Some inside info from the launch at Claridges of Jackie Collins' new novel, Lethal Seduction (Simon & Schuster): Ian Chapman told the guests that 90,000 copies of the novel had been sold into the UK book trade. Whereas her previous publisher, Macmillan, had sold at publication only 80,000 copies, UK and overseas. One may assume that Mr Chapman, who was outed by Ms Collins as the wearer of "the worst jogging trousers I ever saw", was reporting these figures authoritatively: he was of course m.d. of Macmillan at the time.
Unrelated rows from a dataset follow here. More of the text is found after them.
(* For every $k$-tree $T$ and every $k$-clique $C$ of $T$, $R(T;C)>\overline N(T;C)$.
   Context: A $k$-tree is defined recursively: $K_k$ is a $k$-tree, and if $T$ is a $k$-tree then so is the graph obtained by joining a new vertex to all vertices of some $k$-clique of $T$; there are no others. A sub-$k$-tree is a subgraph that is itself a $k$-tree. $R(T;C)$ is the sum of the numbers of vertices of all sub-$k$-trees of $T$ containing $C$, and $\overline N(T;C)$ is the number of sub-$k$-trees of $T$ not containing $C$. *)

theory Defs
  imports Main
begin

text \<open>Graphs are pairs (V, E) of a vertex set and a set of 2-element edge sets.\<close>

definition complete_edges :: "'a set \<Rightarrow> 'a set set" where
  "complete_edges V = {e. \<exists>u v. u \<in> V \<and> v \<in> V \<and> u \<noteq> v \<and> e = {u, v}}"

definition is_clique :: "'a set set \<Rightarrow> 'a set \<Rightarrow> bool" where
  "is_clique E C \<longleftrightarrow> (\<forall>u\<in>C. \<forall>w\<in>C. u \<noteq> w \<longrightarrow> {u, w} \<in> E)"

definition is_kclique :: "nat \<Rightarrow> 'a set \<Rightarrow> 'a set set \<Rightarrow> 'a set \<Rightarrow> bool" where
  "is_kclique k V E C \<longleftrightarrow> C \<subseteq> V \<and> finite C \<and> card C = k \<and> is_clique E C"

inductive ktree :: "nat \<Rightarrow> 'a set \<Rightarrow> 'a set set \<Rightarrow> bool" for k where
  base: "finite V \<Longrightarrow> card V = k \<Longrightarrow> ktree k V (complete_edges V)"
| step: "ktree k V E \<Longrightarrow> is_kclique k V E C \<Longrightarrow> v \<notin> V \<Longrightarrow>
         ktree k (insert v V) (E \<union> {{v, c} | c. c \<in> C})"

definition sub_ktrees :: "nat \<Rightarrow> 'a set \<Rightarrow> 'a set set \<Rightarrow> ('a set \<times> 'a set set) set" where
  "sub_ktrees k V E = {(V', E'). V' \<subseteq> V \<and> E' \<subseteq> E \<and> ktree k V' E'}"

definition R_sum :: "nat \<Rightarrow> 'a set \<Rightarrow> 'a set set \<Rightarrow> 'a set \<Rightarrow> nat" where
  "R_sum k V E C = (\<Sum>S \<in> {S \<in> sub_ktrees k V E. is_kclique k (fst S) (snd S) C}. card (fst S))"

definition N_bar :: "nat \<Rightarrow> 'a set \<Rightarrow> 'a set set \<Rightarrow> 'a set \<Rightarrow> nat" where
  "N_bar k V E C = card {S \<in> sub_ktrees k V E. \<not> is_kclique k (fst S) (snd S) C}"

end

theory Submission
  imports Defs
begin

text \<open>Write \<open>N(Ds)\<close> for the number of sub-k-trees of \<open>T\<close> containing every clique of the
  family \<open>Ds\<close> and \<open>R(Ds)\<close> for the sum of their orders. We show
  \<open>N(Ds) + k \<le> N(Ds \<union> {C}) + R(Ds \<union> {C})\<close> whenever \<open>T\<close> contains \<open>Ds\<close> and \<open>C\<close>; for
  \<open>Ds = {}\<close> this is \<open>N_bar(T;C) + k \<le> R(T;C)\<close>.
  When a vertex \<open>w\<close> is attached to a k-clique \<open>Q\<close>, a sub-k-tree of the new tree either avoids
  \<open>w\<close>, or is one of at most \<open>k\<close> cliques \<open>K\<^sub>k\<close> through \<open>w\<close>, or is obtained by attaching \<open>w\<close>
  to a sub-k-tree of the old tree that contains \<open>Q\<close>: there \<open>w\<close> has degree at most \<open>k\<close>, so it
  was attached last. This expresses \<open>N\<close> and \<open>R\<close> of the new tree through those of the old
  one, for the family \<open>Ds\<close> and for the family of \<open>Q\<close> and the cliques of \<open>Ds\<close> avoiding \<open>w\<close>,
  and the induction hypothesis covers both.\<close>

section \<open>Edge sets\<close>

abbreviation join_edges :: "'a \<Rightarrow> 'a set \<Rightarrow> 'a set set" where
  "join_edges v C \<equiv> {{v, c} | c. c \<in> C}"

definition nbhd :: "'a set set \<Rightarrow> 'a \<Rightarrow> 'a set" where
  "nbhd E v = {u. {v, u} \<in> E}"

definition delete_vertex :: "'a set set \<Rightarrow> 'a \<Rightarrow> 'a set set" where
  "delete_vertex E v = {e \<in> E. v \<notin> e}"

lemma complete_edges_insert:
  "w \<notin> V \<Longrightarrow> complete_edges (insert w V) = complete_edges V \<union> join_edges w V"
  unfolding complete_edges_def by (auto simp: insert_commute)

lemma nbhd_complete_edges: "nbhd (complete_edges A) v = A - {v}" if "v \<in> A"
  using that unfolding nbhd_def complete_edges_def by (auto simp: doubleton_eq_iff)

lemma delete_vertex_complete_edges: "delete_vertex (complete_edges A) v = complete_edges (A - {v})"
  unfolding delete_vertex_def complete_edges_def by auto

lemma is_clique_iff_complete_edges_subset: "is_clique E C \<longleftrightarrow> complete_edges C \<subseteq> E"
  unfolding is_clique_def complete_edges_def by auto

lemma is_kclique_complete_edges: "finite A \<Longrightarrow> card A = k \<Longrightarrow> is_kclique k A (complete_edges A) A"
  unfolding is_kclique_def is_clique_iff_complete_edges_subset by simp

lemma is_kclique_mono: "is_kclique k A E D \<Longrightarrow> A \<subseteq> A' \<Longrightarrow> E \<subseteq> E' \<Longrightarrow> is_kclique k A' E' D"
  unfolding is_kclique_def is_clique_def by blast

lemma is_clique_join_edges:
  "is_clique E Q \<Longrightarrow> D \<subseteq> insert w Q \<Longrightarrow> is_clique (E \<union> join_edges w Q) D"
  unfolding is_clique_def by (auto simp: insert_commute) blast

lemma is_kclique_join_edges_avoiding:
  "is_kclique k (insert w A) (E \<union> join_edges w Q) D \<Longrightarrow> w \<notin> D \<Longrightarrow> is_kclique k A E D"
  unfolding is_kclique_def is_clique_def by (auto simp: doubleton_eq_iff)

lemma is_kclique_delete_vertex:
  "is_kclique k A E D \<Longrightarrow> v \<notin> D \<Longrightarrow> is_kclique k (A - {v}) (delete_vertex E v) D"
  unfolding is_kclique_def is_clique_def delete_vertex_def by auto

lemma nbhd_join_edges_self:
  "(\<forall>e\<in>E. w \<notin> e) \<Longrightarrow> w \<notin> Q \<Longrightarrow> nbhd (E \<union> join_edges w Q) w = Q"
  unfolding nbhd_def by (auto simp: doubleton_eq_iff)

lemma nbhd_join_edges_other:
  "v \<noteq> w \<Longrightarrow> v \<notin> Q \<Longrightarrow> nbhd (E \<union> join_edges w Q) v = nbhd E v"
  unfolding nbhd_def by (auto simp: doubleton_eq_iff)

lemma delete_vertex_join_edges_self:
  "(\<forall>e\<in>E. w \<notin> e) \<Longrightarrow> delete_vertex (E \<union> join_edges w Q) w = E"
  unfolding delete_vertex_def by auto

lemma delete_vertex_join_edges_other:
  "v \<noteq> w \<Longrightarrow> v \<notin> Q \<Longrightarrow>
    delete_vertex (E \<union> join_edges w Q) v = delete_vertex E v \<union> join_edges w Q"
  unfolding delete_vertex_def by auto

lemma delete_vertex_join_nbhd:
  "E \<subseteq> complete_edges A \<Longrightarrow> delete_vertex E v \<union> join_edges v (nbhd E v) = E"
  unfolding delete_vertex_def nbhd_def complete_edges_def by (auto simp: insert_commute)

section \<open>k-trees\<close>

lemma ktree_finite: "ktree k V E \<Longrightarrow> finite V"
  by (induction rule: ktree.induct) auto

lemma ktree_card_ge: "ktree k V E \<Longrightarrow> k \<le> card V"
  by (induction rule: ktree.induct) (auto dest: ktree_finite)

lemma ktree_edges_subset: "ktree k V E \<Longrightarrow> E \<subseteq> complete_edges V"
proof (induction rule: ktree.induct)
  case (step V E C v)
  have "C \<subseteq> V" using step.hyps(2) unfolding is_kclique_def by simp
  then show ?case using step.IH unfolding complete_edges_insert[OF step.hyps(3)] by blast
qed simp

lemma ktree_edge_subset:
  assumes "ktree k V E" "e \<in> E" shows "e \<subseteq> V"
  using subsetD[OF ktree_edges_subset[OF assms(1)] assms(2)] unfolding complete_edges_def by auto

lemma ktree_nbhd_subset: "ktree k V E \<Longrightarrow> nbhd E v \<subseteq> V"
  unfolding nbhd_def by (auto dest: ktree_edge_subset)

lemma ktree_finite_nbhd: "ktree k V E \<Longrightarrow> finite (nbhd E v)"
  by (rule finite_subset[OF ktree_nbhd_subset ktree_finite])

lemma ktree_card_eq_complete: "ktree k V E \<Longrightarrow> card V = k \<Longrightarrow> E = complete_edges V"
proof (induction rule: ktree.induct)
  case (step V E C v)
  then show ?case using ktree_card_ge[OF step.hyps(1)] ktree_finite[OF step.hyps(1)] by simp
qed simp

lemma ktree_card_Suc_complete:
  "ktree k V E \<Longrightarrow> card V = Suc k \<Longrightarrow> E = complete_edges V"
proof (induction rule: ktree.induct)
  case (step V E C v)
  have "finite V" using ktree_finite[OF step.hyps(1)] .
  then have card_V: "card V = k" using step by simp
  then have "C = V" using step.hyps(2) \<open>finite V\<close> unfolding is_kclique_def
    by (intro card_subset_eq) auto
  then show ?case
    using ktree_card_eq_complete[OF step.hyps(1) card_V] complete_edges_insert[OF step.hyps(3)]
    by simp
qed simp

lemma ktree_degree_ge:
  "ktree k V E \<Longrightarrow> v \<in> V \<Longrightarrow> k < card V \<Longrightarrow> k \<le> card (nbhd E v)"
proof (induction arbitrary: v rule: ktree.induct)
  case (step V E C w)
  let ?E' = "E \<union> join_edges w C"
  have T': "ktree k (insert w V) ?E'" using ktree.step[OF step.hyps] .
  have fin: "finite (nbhd ?E' v)" by (rule ktree_finite_nbhd[OF T'])
  consider "v = w" | "v \<noteq> w" "k < card V" | "v \<noteq> w" "card V = k"
    using ktree_card_ge[OF step.hyps(1)] by linarith
  then show ?case
  proof cases
    case 1
    then have "C \<subseteq> nbhd ?E' v" unfolding nbhd_def by auto
    then have "card C \<le> card (nbhd ?E' v)" by (rule card_mono[OF fin])
    then show ?thesis using step.hyps(2) unfolding is_kclique_def by simp
  next
    case 2
    have "nbhd E v \<subseteq> nbhd ?E' v" unfolding nbhd_def by auto
    then have "card (nbhd E v) \<le> card (nbhd ?E' v)" by (rule card_mono[OF fin])
    moreover have "k \<le> card (nbhd E v)" using step.IH[OF _ 2(2)] 2(1) step.prems(1) by simp
    ultimately show ?thesis by simp
  next
    case 3
    have "finite V" by (rule ktree_finite[OF step.hyps(1)])
    then have card_V': "card (insert w V) = Suc k" using 3 step.hyps(3) by simp
    have "nbhd ?E' v = insert w V - {v}"
      using ktree_card_Suc_complete[OF T' card_V'] nbhd_complete_edges[OF step.prems(1)] by simp
    then show ?thesis using card_V' \<open>finite V\<close> step.prems(1) by simp
  qed
qed simp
Jeffrey Archer has some humble words to offer all those who have bought his books over the years: he is most grateful. At a press launch with theatre journalists to promote his play "The Accused", Lord Archer offered this resumé of his philosophy: "One's always looking to be more entertaining, and that's what I am: a simple entertainer. My books are simple entertainments; I don't think they're anything else. That 120 million people have bought them is very kind of them."
Stephen Mesquita of the AA sends me a cutting from French book trade organ Livres Hebdo. Almost all of Hachette's 63-strong sales force have stopped work, the paper reports, in opposition to plans to split the company's literature division into two groups. Only in France, one might think; but some people said that about the striking truck drivers.
Booker reactions: India Knight (Sunday Times) does not like the Booker shortlist. Apart from Ishiguro's novel, the titles "sound coma-inducingly boring". Do we take it that she has not read them?
David Robson (Sunday Telegraph) lamented the choice of six novels all set in the past. Robert McCrum (Observer) was much more positive: "challenging, fresh, unusual and fairly wide-ranging", he said.
Harriet Spicer, former head of Virago, has been getting some stick following her appointment as temporary head of the Lottery Commission. The Daily Mail portrait of her was in the classic tradition of that paper.